▸ **WHAT NEEDS TO BE DONE**
In the records that follow, find each line with "obtains" and pull it out.
SUPPLIED MATERIAL Start Marker
lemma bracket_h_V:
  assumes "p \<in> {1..l0}" "Y \<in> h"
  shows "br Y (V p) = 0"
proof -
  have "V p \<in> span (\<Union>i\<in>{1..l0}. ms i)"
    using assms ms_eq_span_V by (blast intro: span_base)
  then show ?thesis
    using adapted assms(2) unfolding adapted_decomposition_def mzero_def by blast
qed

lemma ad_V_commute_ad_h: "p \<in> {1..l0} \<Longrightarrow> Y \<in> h \<Longrightarrow> br (V p) (br Y x) = br Y (br (V p) x)"
  using ad_commute[of Y "V p" x] bracket_h_V by simp

lemma Iplus_iff: "k \<in> Iplus br l ms V p \<longleftrightarrow> k \<in> {1..l} \<and> (\<exists>y\<in>ms k. br (V p) y \<noteq> 0)"
  unfolding Iplus_def Izero_def by auto

lemma Izero_iff: "k \<in> Izero br l ms V p \<longleftrightarrow> k \<in> {1..l} \<and> (\<forall>y\<in>ms k. br (V p) y = 0)"
  unfolding Izero_def by auto

lemma bracket_space_V:
  assumes p: "p \<in> {1..l0}" and k: "k \<in> {1..l}"
  shows "bracket_space br (ms p) (ms k) = br (V p) ` ms k"
proof
  have "br (c *\<^sub>R V p) y \<in> br (V p) ` ms k" if "y \<in> ms k" for c y
    using that subspace_scale[OF subspace_ms[OF k]] by (auto intro!: image_eqI[of _ _ "c *\<^sub>R y"])
  then show "bracket_space br (ms p) (ms k) \<subseteq> br (V p) ` ms k"
    unfolding bracket_space_def ms_eq_span_V[OF p] span_singleton
    by (intro span_minimal linear_subspace_image[OF bracket_linear_right subspace_ms[OF k]]) auto
  show "br (V p) ` ms k \<subseteq> bracket_space br (ms p) (ms k)"
    unfolding bracket_space_def ms_eq_span_V[OF p] by (blast intro: span_base)
qed

lemma ad_V_maps_ms_into_ms:
  assumes p: "p \<in> {1..l0}" and k: "k \<in> Iplus br l ms V p"
  obtains j where "j \<in> {1..l}" "br (V p) ` ms k \<subseteq> ms j"
proof -
  let ?D = "br (V p)"
  let ?W = "\<lambda>j. {x \<in> ms k. ?D x \<in> ms j}"
  have k1: "k \<in> {1..l}" using k Iplus_iff by blast
  have "bracket_space br (ms p) (ms k) \<noteq> {0}"
    using k unfolding bracket_space_V[OF p k1] Iplus_iff by blast
  then obtain j where j: "j \<in> {1..l}" and "?D ` ms k \<inter> ms j \<noteq> {0}"
    using normalizer_adapted p k1 bracket_space_V[OF p k1] unfolding normalizer_adapted_def by metis
  moreover have "0 \<in> ?D ` ms k \<inter> ms j"
    using subspace_0[OF subspace_ms[OF j]] subspace_0[OF subspace_ms[OF k1]] by force
  ultimately obtain y where y: "y \<in> ms k" "?D y \<in> ms j" "?D y \<noteq> 0"
    by blast
  have "?W j = ms k"
  proof (rule ms_eq_if_ad_h_invariant[OF k1])
    have "?W j = ms k \<inter> ?D -` ms j" by auto
    then show "subspace (?W j)"
      using subspace_inter[OF subspace_ms[OF k1]
          linear_subspace_vimage[OF bracket_linear_right subspace_ms[OF j]]] by simp
    show "br Y x \<in> ?W j" if "Y \<in> h" "x \<in> ?W j" for Y x
      using that ms_ad_h_closed[OF k1] ms_ad_h_closed[OF j] ad_V_commute_ad_h[OF p that(1)] by simp
    show "y \<in> ?W j" "y \<noteq> 0" using y by auto
  qed auto
  then show thesis using that j by blast
qed

lemma triple_V_eq_sum_sq_norm:
  assumes p: "p \<in> {1..l0}" and j: "j \<in> {1..l}" and into: "br (V p) ` ms k \<subseteq> ms j"
    and B: "is_onb B (ms k)"
  shows "triple br ms p k j = (\<Sum>x\<in>B. inner (br (V p) x) (br (V p) x))"
proof -
  have "triple br ms p k j = (\<Sum>x\<in>B. \<Sum>c\<in>onb (ms j). (inner (br (V p) x) c)\<^sup>2)"
    using triple_eq_onb_sums[OF is_onb_V[OF p] B is_onb_onb_ms[OF j]] by simp
  also have "\<dots> = (\<Sum>x\<in>B. inner (br (V p) x) (br (V p) x))"
    using is_onb_parseval[OF is_onb_onb_ms[OF j]] is_onbD(2)[OF B] into
    by (intro sum.cong) auto
  finally show ?thesis .
qed

lemma sum_sq_norm_ad_V_pos:
  assumes "k \<in> Iplus br l ms V p"
  shows "(\<Sum>x\<in>onb (ms k). inner (br (V p) x) (br (V p) x)) > 0"
proof -
  have k1: "k \<in> {1..l}" using assms Iplus_iff by blast
  note B = is_onb_onb_ms[OF k1]
  have "\<exists>x\<in>onb (ms k). br (V p) x \<noteq> 0"
  proof (rule ccontr)
    assume "\<not> ?thesis"
    then have "br (V p) y = 0" if "y \<in> span (onb (ms k))" for y
      using linear_eq_0_on_span[OF bracket_linear_right _ that] by blast
    then show False using assms is_onbD(3)[OF B] Iplus_iff by auto
  qed
  then show ?thesis
    using is_onbD(1)[OF B] by (auto intro: sum_pos2)
qed

lemma phi_eq:
  assumes p: "p \<in> {1..l0}" and k: "k \<in> Iplus br l ms V p"
    and j: "j \<in> {1..l}" and into: "br (V p) ` ms k \<subseteq> ms j"
  shows "\<phi> p k = j"
proof -
  have k1: "k \<in> {1..l}" using k Iplus_iff by blast
  have pos: "triple br ms p k j > 0"
    using triple_V_eq_sum_sq_norm[OF p j into is_onb_onb_ms[OF k1]] sum_sq_norm_ad_V_pos[OF k]
    by simp
  have zero: "triple br ms p k j' = 0" if j': "j' \<in> {1..l}" "j' \<noteq> j" for j'
  proof -
    have "inner (br (V p) x) c = 0" if "x \<in> onb (ms k)" "c \<in> onb (ms j')" for x c
    proof (rule ms_orthogonal[OF j j'(1) j'(2)[symmetric]])
      show "br (V p) x \<in> ms j" using into onb_ms_subset[OF k1] that(1) by blast
      show "c \<in> ms j'" using onb_ms_subset[OF j'(1)] that(2) by blast
    qed
    then show ?thesis
      unfolding triple_eq_onb_sums[OF is_onb_V[OF p] is_onb_onb_ms[OF k1] is_onb_onb_ms[OF j'(1)]]
      by simp
  qed
  have "(THE j'. j' \<in> {1..l} \<and> triple br ms p k j' > 0) = j"
  proof (rule the_equality)
    show "j \<in> {1..l} \<and> triple br ms p k j > 0" using j pos by simp
    show "j' = j" if "j' \<in> {1..l} \<and> triple br ms p k j' > 0" for j'
      using that zero by (metis less_irrefl)
  qed
  then show ?thesis using k unfolding phi_def by simp
qed
theorem theorem6:
  fixes \<alpha> x :: real
  assumes "\<alpha> > 0" and "x > 0"
  shows "(\<lambda>s. iter_tail (weibull_density \<alpha>) s x) \<longlonglongrightarrow>
           (if \<alpha> > 1 then 0 else if \<alpha> = 1 then exp (- x) else 1)"
proof -
  let ?S = "\<lambda>t. exp (- (t powr \<alpha>))"
  let ?L = "if \<alpha> > 1 then 0 else if \<alpha> = 1 then exp (- x) else 1"
  interpret tail_with_moments ?S
    using assms(1) by (rule tail_with_moments_weibull)
  have "(\<lambda>n. iter_tail (weibull_density \<alpha>) (Suc (Suc n)) x) =
      (\<lambda>n. tail_moment ?S n x / tail_moment ?S n 0)"
    using assms weibull_density_tail by (simp add: iter_tail_eq_tail_moment_ratio)
  also have "\<dots> \<longlonglongrightarrow> ?L"
    using assms by (intro tail_moment_ratio_tendsto weibull_tail_ratio_tendsto) auto
  finally have "(\<lambda>n. iter_tail (weibull_density \<alpha>) (n + 2) x) \<longlonglongrightarrow> ?L"
    by (simp add: numeral_2_eq_2)
  then show ?thesis
    by (rule LIMSEQ_offset)
qed

end
lemma special_gen_crown_irreducible_proper_retract:
  assumes po: "poset_on P le" and sp: "special_gen_crown P le" and irr: "irreducible P le x"
  obtains Q where "Q \<subset> P" "is_retract P le Q" "special_gen_crown Q le"
proof -
  obtain k m e g where gc: "gen_crown P le k m e" and g: "automorphism P le g"
    and orb: "{orbit g x | x. x \<in> P} = {e j ` {..<m j} | j. j < k}"
    using sp unfolding special_gen_crown_def by (elim exE conjE) (rule that)
  have x: "x \<in> P" using irr unfolding irreducible_def by blast
  then obtain i where i: "i < k" and A: "orbit g x = e i ` {..<m i}" using orb by blast
  have antichain: "antichain le (orbit g x)" using gc i A unfolding gen_crown_def by auto
  have "\<exists>c. c \<notin> orbit g x \<and> folds_onto P le y c" if y: "y \<in> orbit g x" for y
  proof -
    obtain c where "folds_onto P le y c" "strict le y c \<or> strict le c y"
      using irreducible_folds_onto[OF po irreducible_orbit[OF g irr y]] .
    then show ?thesis using antichain y unfolding antichain_def strict_def by blast
  qed
  then have "is_retract P le (P - orbit g x)"
    using is_retract_Diff_antichain[OF po antichain] by blast
  moreover have "special_gen_crown (P - orbit g x) le"
    using special_gen_crown_Diff_block[OF gc g orb i] A by simp
  moreover have "P - orbit g x \<subset> P" using x orbit_self[of x g] by blast
  ultimately show thesis using that by blast
qed

theorem lemma3p4:
  fixes P :: "'a set" and le :: "'a \<Rightarrow> 'a \<Rightarrow> bool"
  assumes "poset_on P le"
    and "special_gen_crown P le"
  shows "\<exists>Q. is_retract P le Q \<and> special_gen_crown Q le \<and> (\<forall>x\<in>Q. \<not> irreducible Q le x)"
  using assms
proof (induction "card P" arbitrary: P rule: less_induct)
  case less
  show ?case
  proof (cases "\<exists>x\<in>P. irreducible P le x")
    case False
    then show ?thesis using is_retract_refl less.prems(2) by blast
  next
    case True
    then obtain x where "irreducible P le x" by blast
    then obtain Q where Q: "Q \<subset> P" "is_retract P le Q" "special_gen_crown Q le"
      by (rule special_gen_crown_irreducible_proper_retract[OF less.prems])
    have "card Q < card P" using psubset_card_mono[OF poset_on_finite[OF less.prems(1)] Q(1)] .
    moreover have "poset_on Q le" using poset_on_subset less.prems(1) Q(1) by blast
    ultimately obtain R where "is_retract Q le R" "special_gen_crown R le" "\<forall>y\<in>R. \<not> irreducible R le y"
      using less.hyps Q(3) by blast
    then show ?thesis using is_retract_trans Q(2) by blast
  qed
qed
end
lemma minimiser_of_max_dist_ratio_in_active_hull:
  fixes c :: "'i \<Rightarrow> 'a::real_inner"
  assumes D: "finite D" and r: "\<And>i. i \<in> D \<Longrightarrow> r i > 0" and y: "y \<in> convex hull (c ` D)"
    and min: "\<And>z. z \<in> convex hull (c ` D) \<Longrightarrow> max_dist_ratio D c r y \<le> max_dist_ratio D c r z"
  shows "y \<in> convex hull (c ` {i\<in>D. dist y (c i) / r i = max_dist_ratio D c r y})"
    (is "y \<in> convex hull (c ` ?A)")
proof (rule ccontr)
  assume y_notin: "y \<notin> convex hull (c ` ?A)"
  have "D \<noteq> {}" using y by auto
  then have "max_dist_ratio D c r y \<in> (\<lambda>i. dist y (c i) / r i) ` D"
    unfolding max_dist_ratio_def using D by (intro Max_in) auto
  then have "?A \<noteq> {}" by auto
  define H where "H = convex hull (c ` ?A)"
  have "compact H" "H \<noteq> {}" unfolding H_def using D \<open>?A \<noteq> {}\<close>
    by (auto intro: finite_imp_compact_convex_hull)
  then obtain p where p: "p \<in> H" "\<And>z. z \<in> H \<Longrightarrow> dist y p \<le> dist y z"
    using continuous_attains_inf[of H "dist y"] continuous_on_dist[OF continuous_on_const continuous_on_id]
    by blast
  define w where "w = p - y"
  have "w \<noteq> 0" using p(1) y_notin by (auto simp: w_def H_def)
  have active: "norm w ^ 2 \<le> w \<bullet> (c i - y)" if "i \<in> ?A" for i
  proof -
    have "(y - p) \<bullet> (c i - p) \<le> 0"
      using p that \<open>compact H\<close> unfolding H_def
      by (intro any_closest_point_dot) (auto intro: hull_inc compact_imp_closed)
    then show ?thesis by (simp add: w_def power2_norm_eq_inner inner_diff_left inner_diff_right inner_commute)
  qed
  obtain t where t: "0 < t" "t < 1" "max_dist_ratio D c r (y + t *\<^sub>R w) < max_dist_ratio D c r y"
    by (rule max_dist_ratio_descent[where c = c and r = r and w = w and y = y])
      (use D \<open>D \<noteq> {}\<close> r \<open>w \<noteq> 0\<close> active in auto)
  have "H \<subseteq> convex hull (c ` D)" unfolding H_def by (intro hull_mono) auto
  then have "(1 - t) *\<^sub>R y + t *\<^sub>R p \<in> convex hull (c ` D)"
    using y p(1) t by (intro convexD) auto
  then have "y + t *\<^sub>R w \<in> convex hull (c ` D)" by (simp add: w_def algebra_simps)
  with t(3) min show False by fastforce
qed

lemma double_sum_inner:
  fixes a :: "'i \<Rightarrow> 'a::real_inner"
  shows "(\<Sum>i\<in>A. \<Sum>j\<in>A. \<mu> i * \<mu> j * (a i \<bullet> a j)) = (\<Sum>i\<in>A. \<mu> i *\<^sub>R a i) \<bullet> (\<Sum>i\<in>A. \<mu> i *\<^sub>R a i)"
  by (simp add: inner_sum_left inner_sum_right sum_distrib_left mult.assoc)
    (subst sum.swap, simp add: inner_commute mult.left_commute)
SUPPLIED MATERIAL End Marker
▸ **TASK ANSWER**
  obtains j where "j \<in> {1..l}" "br (V p) ` ms k \<subseteq> ms j"
  obtains Q where "Q \<subset> P" "is_retract P le Q" "special_gen_crown Q le"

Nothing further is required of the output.